Now, assuming that the steering system is in a straight traveling state and the steering torque is zero, no relative rotation occurs between the input shaft 3 and the output shaft 4, so the torque sensor does not detect the steering torque, and the steering system No steering assist torque is generated.
[0033]
On the other hand, when the steering wheel is steered and a rotational force is generated on the input shaft 3, the rotational force is transmitted to the output shaft 4 via the torsion bar. At this time, the output shaft 4 has a resistance force according to a frictional force such as a frictional force between the steered wheels and the road surface or a meshing of a gear of a rack and pinion type steering device configured on the lower end side (not shown) of the output shaft 4. Therefore, a relative rotation is generated between the input shaft 3 and the output shaft 4 and the output shaft 4 is delayed by twisting the torsion bar, and the relative rotation is detected by the torque sensor as a steering torque.
[0034]
Then, since a controller (not shown) supplies a drive current to the electric motor 10 according to the direction and magnitude of the steering torque detected by the torque sensor, the steering generated in the steering system is applied to the output shaft 10A of the electric motor 10. A rotational force is generated according to the direction and magnitude of the torque, and the rotational force is transmitted to the output shaft 4 via the torque limiter 15, the shaft 6A, the worm 6 and the worm wheel 5, and the steering assist torque is applied to the output shaft 4. Is applied, the steering torque is reduced, and the burden on the driver is reduced.
[0035]
Here, when the electric motor 10 is in a driving state, noise such as a brush sound is generated in the electric motor 10, and this is transmitted to the case of the electric motor 10. In other words, the electric motor 10 in the driving state can be considered as a noise source / vibration source, but in the present embodiment, the electric motor 10 and the housing 7 are interposed only through the elastic body 12B of the mount bush 12. Therefore, the vibration transmitted from the electric motor 10 to the housing 7 can be attenuated, and the deterioration of noise can be reduced.
[0036]
Moreover, since the mount bush 12 is provided at three positions spaced apart at equal intervals in the circumferential direction, it is possible to prevent the static posture of the electric motor 10 from becoming unstable.

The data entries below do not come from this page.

(* Let $p\in\mathbb{R}[x_1,x_2]_{2d}$ (not necessarily a sum of squares). For every $\mathbf{u}=(u_1,u_2)\in\mathbb{R}[x_1,x_2]_d^2$ with $\nabla f_p(\mathbf{u})=0$ and $\nabla^2 f_p(\mathbf{u})\succeq0$, the form $u_1^2+u_2^2$ is the projection of $p$ onto the cone $\Sigma[x_1,x_2]_{2d}$ with respect to the inner product defining $f_p$; that is, $f_p(\mathbf{u})=\|u_1^2+u_2^2-p\|^2\le\|q-p\|^2$ for all $q\in\Sigma[x_1,x_2]_{2d}$.
   Context: $\mathbb{R}[x_1,x_2]_n$ denotes the space of real binary forms (homogeneous polynomials in $x_1,x_2$) of degree $n$, and $\Sigma[x_1,x_2]_{2d}$ the cone of sums of squares of binary forms of degree $d$. Fix any inner product $\langle\cdot,\cdot\rangle$ on $\mathbb{R}[x_1,x_2]_{2d}$ with norm $\|\cdot\|$, and let $f_p(\mathbf{u})=\|u_1^2+u_2^2-p\|^2$ on $\mathbb{R}[x_1,x_2]_d^2$; derivatives are with respect to this finite-dimensional real vector space ($\nabla f_p(\mathbf{u})=0$: all first directional derivatives vanish; $\nabla^2 f_p(\mathbf{u})\succeq0$: all second directional derivatives are nonnegative). *)

theory Defs
  imports "HOL-Analysis.Analysis" "HOL-Computational_Algebra.Polynomial"
begin

text \<open>A real binary form of degree n, sum of a_i x1^i x2^(n-i), is represented by its
  dehomogenisation, the univariate polynomial sum of a_i x^i, of degree at most n.
  This identification is a linear isomorphism compatible with multiplication.\<close>

definition bforms :: "nat \<Rightarrow> real poly set" where
  "bforms n = {q. degree q \<le> n}"

definition sos_cone :: "nat \<Rightarrow> real poly set" where
  "sos_cone d = {q. \<exists>gs. (\<forall>g\<in>set gs. g \<in> bforms d) \<and> q = sum_list (map (\<lambda>g. g^2) gs)}"

definition inner_prod_on :: "real poly set \<Rightarrow> (real poly \<Rightarrow> real poly \<Rightarrow> real) \<Rightarrow> bool" where
  "inner_prod_on V ip \<longleftrightarrow>
     (\<forall>x\<in>V. \<forall>y\<in>V. ip x y = ip y x) \<and>
     (\<forall>x\<in>V. \<forall>y\<in>V. \<forall>z\<in>V. ip (x + y) z = ip x z + ip y z) \<and>
     (\<forall>c. \<forall>x\<in>V. \<forall>y\<in>V. ip (smult c x) y = c * ip x y) \<and>
     (\<forall>x\<in>V. x \<noteq> 0 \<longrightarrow> ip x x > 0)"

definition fp :: "(real poly \<Rightarrow> real poly \<Rightarrow> real) \<Rightarrow> real poly \<Rightarrow> real poly \<Rightarrow> real poly \<Rightarrow> real" where
  "fp ip p u1 u2 = ip (u1^2 + u2^2 - p) (u1^2 + u2^2 - p)"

In addition, since the torque limiter 15 and the shaft 6A are coupled via the elastic body 16, relative rotation between the two is permitted with the elastic deformation of the elastic body 16. Vibrations such as rotational fluctuations generated in the output shaft 10A as a result of the drive can be attenuated by the elastic body 16, and can be prevented from being transmitted to the shaft 6A side as it is. As a result, the possibility that the worm 6 and the worm wheel 5 are resonated by the vibration of the output shaft 10A and the noise and vibration level is deteriorated is reduced.
[0037]
The torque limiter 15 is provided with a notch 15a and a convex portion 15b as limiters capable of allowing relative rotation between the cylindrical portions 15D and 15C within a predetermined angle range. When the generated rotational torque exceeds a certain value, the notch portion 15a and the convex portion 15b come into contact with each other, and further relative rotation between the cylindrical portions 15D and 15C becomes impossible. Strength.
[0038]
Further, as described above, when the electric motor 10 and the housing 7 are coupled only via the elastic body 12B, the mounting angle of the electric motor 10 with respect to the housing 7 may fluctuate. Since the elastic body 16 in 15 is bent, the inclination of the shaft centers between the output shaft 10A and the shaft 6A is allowed, so that an excessive load is prevented from being applied to other members.
[0039]
Furthermore, since the shaft 6A is splined to the cylindrical portion 15D and supported by the bearings 7a and 7b via the elastic bodies 8a and 8b, the axial position thereof is variable. Then, for example, when the steering wheel is turned in one direction, for example, when the vehicle is aligned, the rotation direction of the output shaft 10A is suddenly reversed and only the backlash is generated. Although there is a concern that the tooth surfaces of the worm 6 and the worm wheel 5 that are separated from each other collide with each other, in the present embodiment, the impact force generated between the tooth surfaces between the worm 6 and the worm wheel 5 is an elastic body. 8a and 8b can be absorbed to some extent by elastic deformation, impact noise can be reduced, and noise reduction is also achieved.
[0040]
Here, in this embodiment, a steering system is constituted by the input shaft 3, the output shaft 4, the torsion bar, the rack and pinion type steering device, and the like, and the speed reduction mechanism is constituted by the worm wheel 5 and the worm 6, and the housing 7 is Corresponds to the housing of the speed reduction mechanism.
[0041]
【The invention's effect】
As described above, according to the present invention, a cylindrical portion is provided on the output shaft of the electric motor, and an elastic body that allows relative rotation between the output shaft and the cylindrical portion of the electric motor is interposed. There is an effect that noise generated due to driving of the electric motor or the like can be reduced. Further, the shaft constituting the speed reduction mechanism is rotatably supported on the housing of the speed reduction mechanism via an elastic body that allows sliding in the axial direction, and one end of the shaft is provided on the output shaft of the electric motor. By spline coupling to the cylindrical portion coaxially therewith, there is an effect that it is possible to reduce the possibility of noise being generated due to vibrations generated in the output shaft direction of the electric motor.
[Brief description of the drawings]
FIG. 1 is a partially broken front view showing an overall configuration of an electric power steering apparatus according to an embodiment of the present invention.
FIG. 2 is a cross-sectional view taken along line AA in FIG.
3 is a view in the direction of arrow B in FIG.
FIG. 4 is a cross-sectional view of a mount bush.
FIG. 5 is an enlarged view of a portion D in FIG. 2;
FIG. 6 is an enlarged cross-sectional view of a coupling portion between a torque limiter and a shaft.
[Explanation of symbols]
DESCRIPTION OF SYMBOLS 1 Electric power steering device 3 Input shaft 4 Output shaft 5 Worm wheel 6 Worm 7 Housing (housing for reduction mechanism)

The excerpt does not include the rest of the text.